Robert Plant passa quelques années douloureuses, on le sait, mais All my love, à lire les paroles, se comprend bizarrement autant comme un hommage à son fils Karac qu’une belle ballade pour son bébé (Logan Romero) fraichement né en 1979... :
“The cup is raised, the toast is made yet again
One voice is clear above the din Proud aryan one word, my will to sustain For me, the cloth once more to spin”Page ne participe pas non plus à la composition, (ça s’entend...) et avouera n’avoir jamais aimé ce morceau, trop éloigné du style du groupe. Un avis tranché sur l’album se révèle un doux rêve lorsque vous devez vous fader le nullisime - bien qu’entraînant mine de rien - Hot dog (un hommage au rockabilly texan d’une niaiserie abyssale qui sera pourtant joué à chaque concert entre 79 et 80) et le blues brûlant d’I’m gonna crawl où Robert Plant se fend d’une prestation vocale énorme.
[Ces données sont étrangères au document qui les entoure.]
lemma lam_sqrt_closed_form:
  fixes d :: nat and x :: real
  assumes rd: "real d \<ge> 2" and xl: "-1 \<le> x" and xu: "x \<le> 1"
  shows "(1/4) * ((real d + 1) * sqrt (lam_p d x) + (real d - 1) * sqrt (lam_m d x))^2
    = (1 / (2 * real d)) * (real d + x + sqrt ((real d ^ 2 - 1) * (1 - x^2)))"
proof -
  have lp_nn: "lam_p d x \<ge> 0" using rd xl by (simp add: lam_p_def)
  have lm_nn: "lam_m d x \<ge> 0" using rd xu by (simp add: lam_m_def)
  have dpos: "real d > 0" using rd by simp
  define a where "a = sqrt (lam_p d x)"
  define b where "b = sqrt (lam_m d x)"
  define s where "s = sqrt ((real d ^ 2 - 1) * (1 - x^2))"
  have a2: "a^2 = lam_p d x" unfolding a_def using lp_nn by simp
  have b2: "b^2 = lam_m d x" unfolding b_def using lm_nn by simp
  have ab_nn: "a * b \<ge> 0" unfolding a_def b_def using lp_nn lm_nn by simp
  have dd: "real d * real d \<ge> 2 * 2" using rd by (intro mult_mono) auto
  have d21: "real d ^ 2 - 1 > 0" using dd by (simp add: power2_eq_square)
  have x2: "1 - x^2 \<ge> 0" using xl xu abs_square_le_1[of x] by simp
  have s2: "s^2 = (real d ^ 2 - 1) * (1 - x^2)" unfolding s_def using d21 x2 by simp
  have lpm: "lam_p d x * lam_m d x = (1 - x^2) / (real d ^ 2 * (real d ^ 2 - 1))"
    unfolding lam_p_def lam_m_def using rd dd
    by (simp add: divide_simps) (simp add: algebra_simps power2_eq_square)
  have ab: "(real d ^ 2 - 1) * (a * b) = s / real d"
  proof -
    have "((real d ^ 2 - 1) * (a * b))^2 = (real d ^ 2 - 1)^2 * (lam_p d x * lam_m d x)"
      by (simp add: power_mult_distrib a2 b2)
    also have "\<dots> = (real d ^ 2 - 1) * (1 - x^2) / real d ^ 2"
      unfolding lpm using d21 dpos by (simp add: power2_eq_square)
    also have "\<dots> = (s / real d)^2" unfolding power_divide s2 ..
    finally have "((real d ^ 2 - 1) * (a * b))^2 = (s / real d)^2" .
    moreover have "(real d ^ 2 - 1) * (a * b) \<ge> 0" "s / real d \<ge> 0"
      using ab_nn d21 dpos x2 by (simp_all add: s_def)
    ultimately show ?thesis using power2_eq_iff_nonneg by blast
  qed
  have "((real d + 1) * a + (real d - 1) * b)^2
      = (real d + 1)^2 * a^2 + (real d - 1)^2 * b^2 + 2 * ((real d ^ 2 - 1) * (a * b))"
    by (simp add: power2_eq_square algebra_simps)
  also have "\<dots> = (real d + 1)^2 * lam_p d x + (real d - 1)^2 * lam_m d x + 2 * (s / real d)"
    unfolding a2 b2 ab ..
  also have "(real d + 1)^2 * lam_p d x = (real d + 1) * (1 + x) / real d"
    unfolding lam_p_def using rd by (simp add: power2_eq_square)
  also have "(real d - 1)^2 * lam_m d x = (real d - 1) * (1 - x) / real d"
    unfolding lam_m_def using rd by (simp add: power2_eq_square)
  also have "(real d + 1) * (1 + x) / real d + (real d - 1) * (1 - x) / real d + 2 * (s / real d)
      = (2 * real d + 2 * x + 2 * s) / real d"
    by (simp add: add_divide_distrib[symmetric] algebra_simps)
  finally show ?thesis unfolding a_def[symmetric] b_def[symmetric] s_def[symmetric] using dpos
    by (simp add: field_simps)
qed

locale werner_complement =
  fixes d :: nat and x :: real
  assumes d_ge_2: "d \<ge> 2" and x_ge: "-1 \<le> x" and x_le: "x \<le> 1"
begin

definition "s_plus = sqrt (real d * lam_p d x)"
definition "s_minus = sqrt (real d * lam_m d x)"
definition "ell = ((real d + 1) * s_plus + (real d - 1) * s_minus) / 2"
definition "c_plus = s_plus / sqrt 2"
definition "c_minus = s_minus / sqrt 2"

lemma real_d_ge_2: "real d \<ge> 2" using d_ge_2 by simp
lemma d_pos: "d > 0" using d_ge_2 by simp
lemma lam_p_nonneg: "lam_p d x \<ge> 0" using d_ge_2 x_ge by (simp add: lam_p_def)
lemma lam_m_nonneg: "lam_m d x \<ge> 0" using d_ge_2 x_le by (simp add: lam_m_def)
lemma s_plus_nonneg: "s_plus \<ge> 0" unfolding s_plus_def using lam_p_nonneg by simp
lemma s_minus_nonneg: "s_minus \<ge> 0" unfolding s_minus_def using lam_m_nonneg by simp

lemma d_lam_p_le_1: "real d * lam_p d x \<le> 1"
proof -
  have "real d * lam_p d x = (1 + x) / (real d + 1)" using real_d_ge_2 by (simp add: lam_p_def)
  also have "\<dots> \<le> 1" using real_d_ge_2 x_le by (simp add: field_simps)
  finally show ?thesis .
qed

lemma lam_sum_eq: "lam_p d x + lam_m d x = 2 * (real d - x) / (real d * (real d + 1) * (real d - 1))"
  using real_d_ge_2 unfolding lam_p_def lam_m_def by (simp add: divide_simps) (simp add: algebra_simps)

lemma lam_sum_pos: "lam_p d x + lam_m d x > 0"
  unfolding lam_sum_eq using real_d_ge_2 x_le by simp

lemma one_minus_d_lam_p: "(1 - real d * lam_p d x) / (real d - 1) = real d / 2 * (lam_p d x + lam_m d x)"
  using real_d_ge_2 unfolding lam_p_def lam_m_def by (simp add: divide_simps) (simp add: algebra_simps)

lemma ell_pos: "ell > 0"
proof -
  have "s_plus > 0 \<or> s_minus > 0"
    using lam_sum_pos lam_p_nonneg lam_m_nonneg d_pos s_plus_nonneg s_minus_nonneg
    unfolding s_plus_def s_minus_def by (auto simp: order_le_less)
  then show ?thesis
    unfolding ell_def using s_plus_nonneg s_minus_nonneg real_d_ge_2
    by (auto intro: add_pos_nonneg add_nonneg_pos)
qed

lemma cos_alpha: "cos (alpha d x) = s_plus"
  unfolding alpha_def s_plus_def using lam_p_nonneg d_lam_p_le_1
  by (intro cos_arccos) (auto intro: order_trans[OF _ real_sqrt_ge_zero])

lemma sin_alpha: "sin (alpha d x) = sqrt (1 - real d * lam_p d x)"
  unfolding alpha_def using lam_p_nonneg d_lam_p_le_1
  by (subst sin_arccos) (auto intro: order_trans[OF _ real_sqrt_ge_zero])

lemma cos_sin_theta:
  defines "t \<equiv> lam_p d x / (lam_p d x + lam_m d x)"
  shows "cos (theta d x) = sqrt t" "sin (theta d x) = sqrt (1 - t)"
proof -
  have t: "0 \<le> t" "t \<le> 1"
    using lam_p_nonneg lam_m_nonneg lam_sum_pos by (auto simp: t_def field_simps)
  show "cos (theta d x) = sqrt t"
    unfolding theta_def t_def[symmetric] using t
    by (intro cos_arccos) (auto intro: order_trans[OF _ real_sqrt_ge_zero])
  show "sin (theta d x) = sqrt (1 - t)"
    unfolding theta_def t_def[symmetric] using t
    by (subst sin_arccos) (auto intro: order_trans[OF _ real_sqrt_ge_zero])
qed

(* The choice of alpha and theta makes every off-diagonal amplitude of Psi equal to c_plus or c_minus. *)

lemma Psi_coeff_plus: "sin (alpha d x) / sqrt (real d - 1) * cos (theta d x) = c_plus"
proof -
  have "(sin (alpha d x) / sqrt (real d - 1) * cos (theta d x))^2
      = (1 - real d * lam_p d x) / (real d - 1) * (lam_p d x / (lam_p d x + lam_m d x))"
    unfolding sin_alpha cos_sin_theta using lam_p_nonneg lam_m_nonneg lam_sum_pos d_lam_p_le_1 real_d_ge_2
    by (simp add: power_mult_distrib power_divide)
  also have "\<dots> = c_plus^2"
    unfolding one_minus_d_lam_p c_plus_def s_plus_def using lam_sum_pos lam_p_nonneg d_pos
    by (simp add: power_divide field_simps)
  finally show ?thesis
    using lam_p_nonneg lam_m_nonneg lam_sum_pos d_lam_p_le_1 real_d_ge_2 s_plus_nonneg
    by (subst (asm) power2_eq_iff_nonneg) (auto simp: sin_alpha cos_sin_theta c_plus_def)
qed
In through the out door aurait pu n’être qu’une mauvaise passe si les circonstances et une surconsommation de vodka n’avaient précipité la chute définitive de Led Zeppelin un an plus tard. De par ses conditions d’enregistrement déplorables (quoique les sessions de Presence furent elles aussi assez dramatiques...) et le résultat plutôt... déroutant, il marque bel et bien la fin artistique du dirigeable. Les morceaux inédits qui seront proposés sur le fumeux Coda en 1982 auront beau jeu de montrer l’intérêt du groupe pour le punk rock (Walter’s walk, Wearing and tearing), Led Zeppelin ne pouvait se permettre de devenir suiveur après avoir été précurseur, il fallait donc mieux en terminer ici, finalement.